How to complete this task - Where a line in the material below has the string "intro", please report it.

Dataset -

(* Let $\ell \geq 2$ and let $\mathcal G \subset \binom{[2\ell]}{\ell}$ be a non-empty non-trivial family. For $r \ge 1$ let $t_r$ be the number of sets $T \in \binom{[2\ell]}{r}$ such that $T \cap G \neq \emptyset$ for all $G \in \mathcal G$. Then for every $2 \leq r < \ell$, $$t_r \leq \binom{2\ell}{r} - 2\binom{\ell}{r}.$$
   Context: A non-empty family is non-trivial if the intersection of all its members is empty. *)

theory Defs
  imports Main
begin

definition t_count :: "nat \<Rightarrow> nat set set \<Rightarrow> nat \<Rightarrow> nat" where
  "t_count l \<G> r = card {T. T \<subseteq> {1..2*l} \<and> card T = r \<and> (\<forall>G\<in>\<G>. T \<inter> G \<noteq> {})}"

end

theory Submission
  imports Defs
begin

text \<open>
  Fix \<open>G\<^sub>1 \<in> \<G>\<close>. Every \<open>r\<close>-subset of the complement of \<open>G\<^sub>1\<close> misses \<open>G\<^sub>1\<close>, which gives
  \<open>(l choose r)\<close> non-transversals. Since \<open>\<Inter>\<G> = {}\<close>, every \<open>x \<in> G\<^sub>1\<close> lies outside some
  \<open>F x \<in> \<G>\<close>; the \<open>r\<close>-subsets of the complement of \<open>F x\<close> whose least element in \<open>G\<^sub>1\<close> is \<open>x\<close>
  are again non-transversals, disjoint from the first ones and from each other. Classifying the
  \<open>r\<close>-subsets of \<open>G\<^sub>1\<close> by their least element in the same way and comparing class by class
  (the complement of \<open>F x\<close> is as large as \<open>G\<^sub>1\<close>) yields \<open>(l choose r)\<close> further non-transversals.
\<close>

definition subsets_with_least_in :: "'a::linorder set \<Rightarrow> 'a set \<Rightarrow> nat \<Rightarrow> 'a \<Rightarrow> 'a set set" where
  "subsets_with_least_in G A r x =
     {T. T \<subseteq> A \<and> card T = r \<and> x \<in> T \<and> (\<forall>y\<in>T. y \<in> G \<longrightarrow> x \<le> y)}"

lemma finite_subsets_with_least_in:
  "finite A \<Longrightarrow> finite (subsets_with_least_in G A r x)"
  by (rule finite_subset[of _ "Pow A"]) (auto simp: subsets_with_least_in_def)

lemma subsets_with_least_in_disjoint:
  assumes "x \<in> G" "y \<in> G" "x \<noteq> y"
  shows "subsets_with_least_in G A r x \<inter> subsets_with_least_in G B r y = {}"
  using assms by (auto simp: subsets_with_least_in_def intro: antisym)

lemma card_subsets_with_least_in:
  assumes "finite A" "x \<in> A" "r \<ge> 1"
  shows "card (subsets_with_least_in G A r x) = card (A - insert x {y\<in>G. y < x}) choose (r - 1)"
proof -
  let ?E = "A - insert x {y\<in>G. y < x}"
  let ?U = "{U. U \<subseteq> ?E \<and> card U = r - 1}"
  have "subsets_with_least_in G A r x = insert x ` ?U"
  proof (intro equalityI subsetI)
    fix T assume T: "T \<in> subsets_with_least_in G A r x"
    then have "T - {x} \<in> ?U" "T = insert x (T - {x})"
      using assms by (auto simp: subsets_with_least_in_def finite_subset)
    then show "T \<in> insert x ` ?U" by blast
  next
    fix T assume "T \<in> insert x ` ?U"
    then obtain U where U: "U \<subseteq> ?E" "card U = r - 1" "T = insert x U" by blast
    have "finite U" "x \<notin> U" using finite_subset[OF U(1)] assms(1) U(1) by auto
    then have "card T = r" using U assms(3) by simp
    then show "T \<in> subsets_with_least_in G A r x"
      using U assms(2) by (auto simp: subsets_with_least_in_def)
  qed
  moreover have "inj_on (insert x) ?U" by (rule inj_onI) auto
  ultimately have "card (subsets_with_least_in G A r x) = card ?U" by (simp add: card_image)
  also have "\<dots> = card ?E choose (r - 1)" using assms(1) by (simp add: n_subsets)
  finally show ?thesis .
qed

lemma subsets_eq_UN_subsets_with_least_in:
  assumes "finite G" "r \<ge> 1"
  shows "{S. S \<subseteq> G \<and> card S = r} = (\<Union>x\<in>G. subsets_with_least_in G G r x)"
proof (intro equalityI subsetI)
  fix S assume S: "S \<in> {S. S \<subseteq> G \<and> card S = r}"
  then have "S \<noteq> {}" "finite S" using assms finite_subset by auto
  then have "Min S \<in> S" "S \<in> subsets_with_least_in G G r (Min S)"
    using S by (auto simp: subsets_with_least_in_def)
  then show "S \<in> (\<Union>x\<in>G. subsets_with_least_in G G r x)" using S by blast
qed (auto simp: subsets_with_least_in_def)

text \<open>
  The elements of \<open>G\<close> below \<open>x\<close> all lie in \<open>A\<close>, so removing them from \<open>B\<close> costs at most
  as much as removing them from \<open>A\<close>.
\<close>
lemma card_subsets_with_least_in_mono:
  assumes "finite A" "finite B" "x \<in> A" "x \<in> B" "{y\<in>G. y < x} \<subseteq> A" "card A \<le> card B"
    and "r \<ge> 1"
  shows "card (subsets_with_least_in G A r x) \<le> card (subsets_with_least_in G B r x)"
proof -
  let ?L = "insert x {y\<in>G. y < x}"
  have "finite ?L" using assms(1,5) finite_subset by auto
  have "card (A - ?L) = card A - card ?L"
    using assms(3,5) \<open>finite ?L\<close> by (simp add: card_Diff_subset)
  also have "\<dots> \<le> card B - card ?L" using assms(6) by simp
  also have "\<dots> \<le> card (B - ?L)" using \<open>finite ?L\<close> by (rule diff_card_le_card_Diff)
  finally show ?thesis
    using assms by (simp add: card_subsets_with_least_in binomial_right_mono)
qed

lemma binomial_le_card_UN_subsets_with_least_in:
  assumes "finite W" "G \<subseteq> W" "r \<ge> 1"
    and F: "\<And>x. x \<in> G \<Longrightarrow> x \<notin> F x \<and> card G \<le> card (W - F x)"
  shows "card G choose r \<le>
    card (\<Union>x\<in>G. subsets_with_least_in G (W - F x) r x)"
proof -
  have "finite G" using assms(1,2) finite_subset by blast
  have "card G choose r = card {S. S \<subseteq> G \<and> card S = r}"
    using \<open>finite G\<close> by (simp add: n_subsets)
  also have "\<dots> = card (\<Union>x\<in>G. subsets_with_least_in G G r x)"
    using \<open>finite G\<close> assms(3) by (simp only: subsets_eq_UN_subsets_with_least_in)
  also have "\<dots> = (\<Sum>x\<in>G. card (subsets_with_least_in G G r x))"
    using \<open>finite G\<close>
    by (intro card_UN_disjoint) (auto simp: finite_subsets_with_least_in subsets_with_least_in_disjoint)
  also have "\<dots> \<le> (\<Sum>x\<in>G. card (subsets_with_least_in G (W - F x) r x))"
    using \<open>finite G\<close> assms F by (intro sum_mono card_subsets_with_least_in_mono) auto
  also have "\<dots> = card (\<Union>x\<in>G. subsets_with_least_in G (W - F x) r x)"
    using \<open>finite G\<close> assms(1)
    by (intro card_UN_disjoint[symmetric])
       (auto simp: finite_subsets_with_least_in subsets_with_least_in_disjoint)
  finally show ?thesis .
qed

lemma card_non_transversals_ge:
  fixes W :: "'a::linorder set"
  assumes "finite W" "\<And>G. G \<in> \<G> \<Longrightarrow> G \<subseteq> W \<and> card G = k" "2 * k \<le> card W"
    and "\<Inter>\<G> = {}" "r \<ge> 1"
  shows "(card W - k choose r) + (k choose r) \<le>
    card {T. T \<subseteq> W \<and> card T = r \<and> (\<exists>G\<in>\<G>. T \<inter> G = {})}"
proof -
  have avoid: "\<forall>x. \<exists>G\<in>\<G>. x \<notin> G" using assms(4) by auto
  then obtain G1 where G1: "G1 \<in> \<G>" by blast
  from avoid obtain F where F: "\<And>x. F x \<in> \<G> \<and> x \<notin> F x" by metis
  have card_compl: "card (W - G) = card W - k" if "G \<in> \<G>" for G
    using assms(2)[OF that] finite_subset[OF _ assms(1)] by (simp add: card_Diff_subset)
  let ?P = "{T. T \<subseteq> W - G1 \<and> card T = r}"
  let ?Q = "\<Union>x\<in>G1. subsets_with_least_in G1 (W - F x) r x"
  let ?N = "{T. T \<subseteq> W \<and> card T = r \<and> (\<exists>G\<in>\<G>. T \<inter> G = {})}"
  have "?P \<subseteq> ?N" using G1 by auto
  moreover have "?Q \<subseteq> ?N"
  proof
    fix T assume "T \<in> ?Q"
    then obtain x where "T \<in> subsets_with_least_in G1 (W - F x) r x" by blast
    then have "T \<subseteq> W" "card T = r" "T \<inter> F x = {}"
      by (auto simp: subsets_with_least_in_def)
    then show "T \<in> ?N" using F[of x] by blast
  qed
  ultimately have "?P \<union> ?Q \<subseteq> ?N" by (rule Un_least)
  moreover have "?P \<inter> ?Q = {}" by (auto simp: subsets_with_least_in_def)
  moreover have "finite ?N" by (rule finite_subset[of _ "Pow W"]) (use assms(1) in auto)
  ultimately have "card ?P + card ?Q \<le> card ?N"
    using finite_subset[of "?P \<union> ?Q" ?N] by (simp add: card_Un_disjoint[symmetric] card_mono)
  moreover have "card ?P = card W - k choose r"
  proof -
    have "finite (W - G1)" using assms(1) by blast
    then have "card ?P = card (W - G1) choose r" by (rule n_subsets)
    then show ?thesis using card_compl[OF G1] by (simp only:)
  qed
  moreover have "k choose r \<le> card ?Q"
  proof -
    have G1W: "card G1 = k" "G1 \<subseteq> W" using assms(2)[OF G1] by auto
    have "card G1 \<le> card (W - F x)" for x
    proof -
      have "card (W - F x) = card W - k" using card_compl F by blast
      then show ?thesis using assms(3) G1W(1) by linarith
    qed
    then have "card G1 choose r \<le> card ?Q"
      using binomial_le_card_UN_subsets_with_least_in[of W G1 r F] assms(1,5) F G1W(2) by blast
    then show ?thesis using G1W(1) by (simp only:)
  qed
  ultimately show ?thesis by linarith
qed

theorem lemma4p4:
  fixes l r :: nat and \<G> :: "nat set set"
  assumes "l \<ge> 2"
    and "\<forall>G\<in>\<G>. G \<subseteq> {1..2*l} \<and> card G = l"
    and "\<G> \<noteq> {}"
    and "\<Inter>\<G> = {}"
    and "2 \<le> r" and "r < l"
  shows "int (t_count l \<G> r) \<le> int ((2*l) choose r) - 2 * int (l choose r)"
proof -
  let ?W = "{1..2*l}"
  let ?S = "{T. T \<subseteq> ?W \<and> card T = r}"
  let ?A = "{T. T \<subseteq> ?W \<and> card T = r \<and> (\<forall>G\<in>\<G>. T \<inter> G \<noteq> {})}"
  let ?N = "{T. T \<subseteq> ?W \<and> card T = r \<and> (\<exists>G\<in>\<G>. T \<inter> G = {})}"
  have "finite ?S" by (rule finite_subset[of _ "Pow ?W"]) auto
  then have "finite ?A" "finite ?N" by (auto intro: finite_subset[OF _ \<open>finite ?S\<close>])
  then have "card ?A + card ?N = card (?A \<union> ?N)" by (intro card_Un_disjoint[symmetric]) auto
  also have "?A \<union> ?N = ?S" by auto
  also have "card ?S = (2*l) choose r" by (simp add: n_subsets)
  finally have "t_count l \<G> r + card ?N = (2*l) choose r" by (simp add: t_count_def)
  moreover have "2 * (l choose r) \<le> card ?N"
    using card_non_transversals_ge[of ?W \<G> l r] assms by simp
  ultimately show ?thesis by linarith
qed

end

Task answer -
  using assms by (auto simp: subsets_with_least_in_def intro: antisym)
  proof (intro equalityI subsetI)
proof (intro equalityI subsetI)
    by (intro card_UN_disjoint) (auto simp: finite_subsets_with_least_in subsets_with_least_in_disjoint)
    using \<open>finite G\<close> assms F by (intro sum_mono card_subsets_with_least_in_mono) auto
    by (intro card_UN_disjoint[symmetric])
  then have "finite ?A" "finite ?N" by (auto intro: finite_subset[OF _ \<open>finite ?S\<close>])
  then have "card ?A + card ?N = card (?A \<union> ?N)" by (intro card_Un_disjoint[symmetric]) auto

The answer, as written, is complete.